Nasza wersja całkowicie różniła się od ziemskiej. Graliśmy w zerowej grawitacji kijami bejsbolowymi, ściany wykonane z inteligentnego metalu służyły za stół, a przeciwnik za łuzę. Należało w niego trafić po uprzednim odbiciu bili od ściany. I to właśnie była druga z zasad.
Gdy pół godziny później nadeszła kolejka Gainesa, major miał w oczach krew. Dosłownie.
Trafiłem go bilą w obojczyk, a ta zrykoszetowała i uderzyła w twarz, po drodze masakrując brew. To było niezamierzone, więc trafienie liczyło się. Gaines nie miał jednak powodów do zachwytu. Nanity natychmiast go załatały, ale krew nadal spływała i zasychała na policzku.

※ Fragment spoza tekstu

lemma abs_diff_le_integral_abs_deriv:
  fixes u u' :: "real \<Rightarrow> real"
  assumes d: "\<And>t. (u has_real_derivative u' t) (at t)" and c': "continuous_on UNIV u'" and z: "0 \<le> z"
  shows "\<bar>u z - u 0\<bar> \<le> integral {0..z} (\<lambda>t. \<bar>u' t\<bar>)"
proof -
  have "(u' has_integral (u z - u 0)) {0..z}"
    using d z by (intro fundamental_theorem_of_calculus)
      (auto simp: has_real_derivative_iff_has_vector_derivative[symmetric]
        intro: has_field_derivative_at_within)
  moreover have "u' integrable_on {0..z}" "(\<lambda>t. \<bar>u' t\<bar>) integrable_on {0..z}"
    by (intro integrable_continuous_interval continuous_intros continuous_on_subset[OF c'] subset_UNIV)+
  ultimately show ?thesis
    using integral_norm_bound_integral[of u' "{0..z}" "\<lambda>t. \<bar>u' t\<bar>"] by (simp add: integral_unique)
qed

text \<open>\<open>u\<close> stays within \<open>2 \<integral>|u'|\<close> of its mean, and \<open>(\<integral>|u'|)\<^sup>2 \<le> L \<integral>u'\<^sup>2\<close>.\<close>

lemma poincare_interval:
  fixes u u' :: "real \<Rightarrow> real"
  assumes d: "\<And>t. (u has_real_derivative u' t) (at t)" and c': "continuous_on UNIV u'" and L: "L > 0"
  shows "integral {0..L} (\<lambda>t. (u t)\<^sup>2)
    \<le> 2 * (integral {0..L} u)\<^sup>2 / L + 8 * L\<^sup>2 * integral {0..L} (\<lambda>t. (u' t)\<^sup>2)"
proof -
  have cu: "continuous_on UNIV u"
    using d by (meson DERIV_isCont continuous_at_imp_continuous_on)
  have iu: "u integrable_on {a..b}" and iu2: "(\<lambda>t. (u t)\<^sup>2) integrable_on {a..b}"
    and iau': "(\<lambda>t. \<bar>u' t\<bar>) integrable_on {a..b}" for a b
    by (intro integrable_continuous_interval continuous_intros continuous_on_subset[OF cu]
        continuous_on_subset[OF c'] subset_UNIV)+
  define J where "J = integral {0..L} (\<lambda>t. \<bar>u' t\<bar>)"
  define a where "a = integral {0..L} u"
  have osc: "\<bar>u z - u 0\<bar> \<le> J" if z: "z \<in> {0..L}" for z
  proof -
    have "integral {0..z} (\<lambda>t. \<bar>u' t\<bar>) \<le> J"
      unfolding J_def by (rule integral_subset_le) (use z iau' in auto)
    then show ?thesis using abs_diff_le_integral_abs_deriv[OF d c', of z] z by simp
  qed
  have "a - L * u 0 = integral {0..L} (\<lambda>t. u t - u 0)"
    unfolding a_def using integral_diff[OF iu integrable_const_ivl[of "u 0" 0 L]] L by simp
  then have "\<bar>a - L * u 0\<bar> \<le> L * J"
    using integral_norm_bound_integral[of "\<lambda>t. u t - u 0" "{0..L}" "\<lambda>t. J"] osc L
      integrable_diff[OF iu integrable_const_ivl[of "u 0" 0 L]] integrable_const_ivl[of J 0 L] by simp
  then have mean: "\<bar>u 0 - a / L\<bar> \<le> J"
    using L by (simp add: field_simps abs_minus_commute pos_divide_le_eq mult.commute)
  have "(u z)\<^sup>2 \<le> 2 * (a / L)\<^sup>2 + 8 * J\<^sup>2" if z: "z \<in> {0..L}" for z
  proof -
    have "\<bar>u z - a / L\<bar> \<le> 2 * J" using osc[OF z] mean by linarith
    then have "(u z - a / L)\<^sup>2 \<le> (2 * J)\<^sup>2"
      using power_mono[of "\<bar>u z - a / L\<bar>" "2 * J" 2] by simp
    moreover have "(u z)\<^sup>2 \<le> 2 * (a / L)\<^sup>2 + 2 * (u z - a / L)\<^sup>2"
      using zero_le_power2[of "u z - 2 * (a / L)"] by (simp add: power2_eq_square algebra_simps)
    ultimately show ?thesis by (simp add: power_mult_distrib)
  qed
  then have "integral {0..L} (\<lambda>t. (u t)\<^sup>2) \<le> integral {0..L} (\<lambda>t. 2 * (a / L)\<^sup>2 + 8 * J\<^sup>2)"
    by (intro integral_le[OF iu2 integrable_const_ivl]) auto
  also have "\<dots> = 2 * a\<^sup>2 / L + 8 * L * J\<^sup>2" using L by (simp add: field_simps power2_eq_square)
  also have "8 * L * J\<^sup>2 \<le> 8 * L * (L * integral {0..L} (\<lambda>t. (u' t)\<^sup>2))"
    using square_integral_abs_le[OF continuous_on_subset[OF c'] L] L unfolding J_def by simp
  finally show ?thesis unfolding a_def by (simp add: power2_eq_square algebra_simps)
qed

lemma set_integral_Ioo_eq_integral:
  fixes F :: "real \<Rightarrow> real"
  assumes c: "continuous_on UNIV F" and L: "0 \<le> L"
  shows "set_integrable lborel {0<..<L} F" and "(LINT z:{0<..<L}|lborel. F z) = integral {0..L} F"
proof -
  have "set_integrable lborel {0..L} F"
    unfolding set_integrable_def
    using borel_integrable_compact[OF compact_Icc continuous_on_subset[OF c]] by simp
  then show si: "set_integrable lborel {0<..<L} F"
    by (rule set_integrable_subset) auto
  show "(LINT z:{0<..<L}|lborel. F z) = integral {0..L} F"
    using set_borel_integral_eq_integral(2)[OF si] integral_open_interval_real[of 0 L F] by simp
qed

lemma nn_integral_Ioo_eq_integral:
  fixes F :: "real \<Rightarrow> real"
  assumes c: "continuous_on UNIV F" and L: "0 \<le> L" and nn: "\<And>z. F z \<ge> 0"
  shows "(\<integral>\<^sup>+ z. ennreal (indicator {0<..<L} z * F z) \<partial>lborel) = ennreal (integral {0..L} F)"
  using nn_integral_eq_integral[of lborel "\<lambda>z. indicator {0<..<L} z * F z"]
    set_integral_Ioo_eq_integral[OF c L] nn
  by (simp add: set_integrable_def set_lebesgue_integral_def)
lemma second_eig_le_of_form_le_orthogonal:
  assumes c: "0 \<le> c" "c < t"
    and wp: "wp \<in> carrier_vec N" "wp \<noteq> 0\<^sub>v N" "S *\<^sub>v wp = t \<cdot>\<^sub>v wp"
    and bound_p: "\<forall>v\<in>carrier_vec N. v \<bullet> wp = 0 \<longrightarrow> v \<bullet> (S *\<^sub>v v) \<le> c * (v \<bullet> v)"
    and wm: "wm \<in> carrier_vec N" "wm \<noteq> 0\<^sub>v N" "S *\<^sub>v wm = (-t) \<cdot>\<^sub>v wm"
    and bound_m: "\<forall>v\<in>carrier_vec N. v \<bullet> wm = 0 \<longrightarrow> - (v \<bullet> (S *\<^sub>v v)) \<le> c * (v \<bullet> v)"
  shows "second_eig S t \<le> c"
proof (rule second_eig_leI[OF c(1)])
  fix e assume e: "e \<in># eigenvalues_mset S - {#t, -t#}"
  have "e \<in> set (map l [0..<N])" using in_diffD[OF e] unfolding eigenvalues_mset_eq by simp
  then obtain i where i: "i < N" "e = l i" by auto
  have "\<exists>k<N. {i. i < N \<and> c < - l i} = {k} \<and> l k = -t"
    by (rule eigenvalues_below_simple[OF wm _ bound_m]) (use c in linarith)
  then obtain km where km: "{i. i < N \<and> c < - l i} = {km}" "l km = -t" by blast
  have "\<exists>k<N. {i. i < N \<and> c < l i} = {k} \<and> l k = t"
    by (rule eigenvalues_above_simple[OF wp _ bound_p]) (use c in linarith)
  then obtain kp where kp: "{i. i < N \<and> c < l i} = {kp}" "l kp = t" by blast
  have "t \<noteq> -t" using c by linarith
  have "k = kp" if "k < N" "l k = t" for k
  proof -
    have "k \<in> {i. i < N \<and> c < l i}" using that c by simp
    thus ?thesis using kp(1) by simp
  qed
  hence t_removed: "t \<notin># eigenvalues_mset S - {#t, -t#}"
    by (intro simple_eigenvalue_removed[OF \<open>t \<noteq> -t\<close>]) auto
  have "k = km" if "k < N" "l k = -t" for k
  proof -
    have "k \<in> {i. i < N \<and> c < - l i}" using that c by simp
    thus ?thesis using km(1) by simp
  qed
  hence "-t \<notin># eigenvalues_mset S - {#t, -t#}"
    by (intro simple_eigenvalue_removed[OF \<open>t \<noteq> -t\<close>]) auto
  hence "e \<noteq> t" "e \<noteq> -t" using e t_removed by auto
  have "i \<noteq> kp" "i \<noteq> km" using kp(2) km(2) i(2) \<open>e \<noteq> t\<close> \<open>e \<noteq> -t\<close> by auto
  hence "\<not> c < e" "\<not> c < - e" using kp(1) km(1) i by blast+
  thus "\<bar>e\<bar> \<le> c" by simp
qed
lemma Rgf_equation: "Rgf = zvar * Rgf * Lgf + xvar"
proof (intro fps_ext)
  fix k n
  have "(zvar * Rgf * Lgf + xvar) $ k $ n
      = (case n of 0 \<Rightarrow> of_bool (k = 1) | Suc m \<Rightarrow> (Rgf * Lgf) $ k $ m)"
    by (cases n) (simp_all add: mult.assoc fps_X_nth fps_X_mult_nth)
  also have "\<dots> = int (rr n k)"
    by (cases n) (simp_all add: rr_atom rr_Suc fps_mult_nth fps_sum_nth Rgf_nth_nth Lgf_nth_nth
        atLeast0AtMost)
  finally show "Rgf $ k $ n = (zvar * Rgf * Lgf + xvar) $ k $ n"
    by (simp add: Rgf_nth_nth)
qed

lemma Lgf_nth_Suc: "k \<ge> 1 \<Longrightarrow> Lgf $ k = Lgf $ Suc k + Rgf $ k"
  by (intro fps_ext) (simp add: Lgf_nth_nth Rgf_nth_nth ell_eq_rr_plus_ell_Suc[of k])

lemma Lgf_equation:
  "fps_to_fls Lgf
     = fls_X_inv * (fps_to_fls Lgf - fps_to_fls (xvar * fps_const (Lgf $ 1))) + fps_to_fls Rgf"
proof (rule fls_eqI)
  fix m :: int
  have X_const: "fls_nth (fps_to_fls (fps_X * fps_const c)) m = (if m = 1 then c else 0)"
    for c :: "int fps"
    by (simp only: fps_to_fls_nth fps_X_mult_nth fps_nth_fps_const) auto
  have L0: "Lgf $ 0 = 0" and R0: "Rgf $ 0 = 0"
    by (simp_all add: fps_eq_iff Lgf_nth_nth Rgf_nth_nth ell_0 rr_0)
  consider "m < 0" | "m = 0" | "m \<ge> 1"
    by linarith
  then show "fls_nth (fps_to_fls Lgf) m = fls_nth (fls_X_inv
      * (fps_to_fls Lgf - fps_to_fls (xvar * fps_const (Lgf $ 1))) + fps_to_fls Rgf) m"
  proof cases
    case 3
    define k where "k = nat m"
    have k: "m = int k" "k \<ge> 1" "nat (m + 1) = Suc k"
      using 3 by (auto simp: k_def)
    then show ?thesis by (simp add: fls_X_inv_times_conv_shift X_const Lgf_nth_Suc[OF k(2)])
  qed (auto simp: fls_X_inv_times_conv_shift X_const L0 R0)
qed

theorem proposition3p2:
  shows "fps_to_fls Lgf
           = fls_X_inv * (fps_to_fls Lgf - fps_to_fls (xvar * fps_const (Lgf $ 1))) + fps_to_fls Rgf
         \<and> Rgf = zvar * Rgf * Lgf + xvar"
  using Lgf_equation Rgf_equation by blast

end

Obaj byliśmy spoceni i lekko pijani. Graliśmy w odmianę dziewięciobilową, gdyż tradycyjna piętnastka równała się samobójstwu.
Spudłowałem przy piątej i nadeszła kolejka majora. Spojrzał na mnie, zacisnął dłonie na kiju i zlokalizował pomarańczową bilę. Wisiała w doskonałym miejscu, pewny strzał, bez rotacji.
– Wie pan, sir – powiedział, przygotowując się do uderzenia – po tym wszystkim, co miało miejsce, dziwię się, że pan mi ufa i przebywa ze mną sam na sam w tym pomieszczeniu.
Podniosłem na niego wzrok. Takiego komentarza się nie spodziewałem. Najwyraźniej nawiązywał do zabójców, którzy próbowali pozbawić mnie życia. Ostatniemu z nich udało się zabić Sandrę, moją narzeczoną i ochroniarza w jednej osobie. Temat dyskusji był delikatny, a major nie przypadkiem zaczął ją w tym momencie.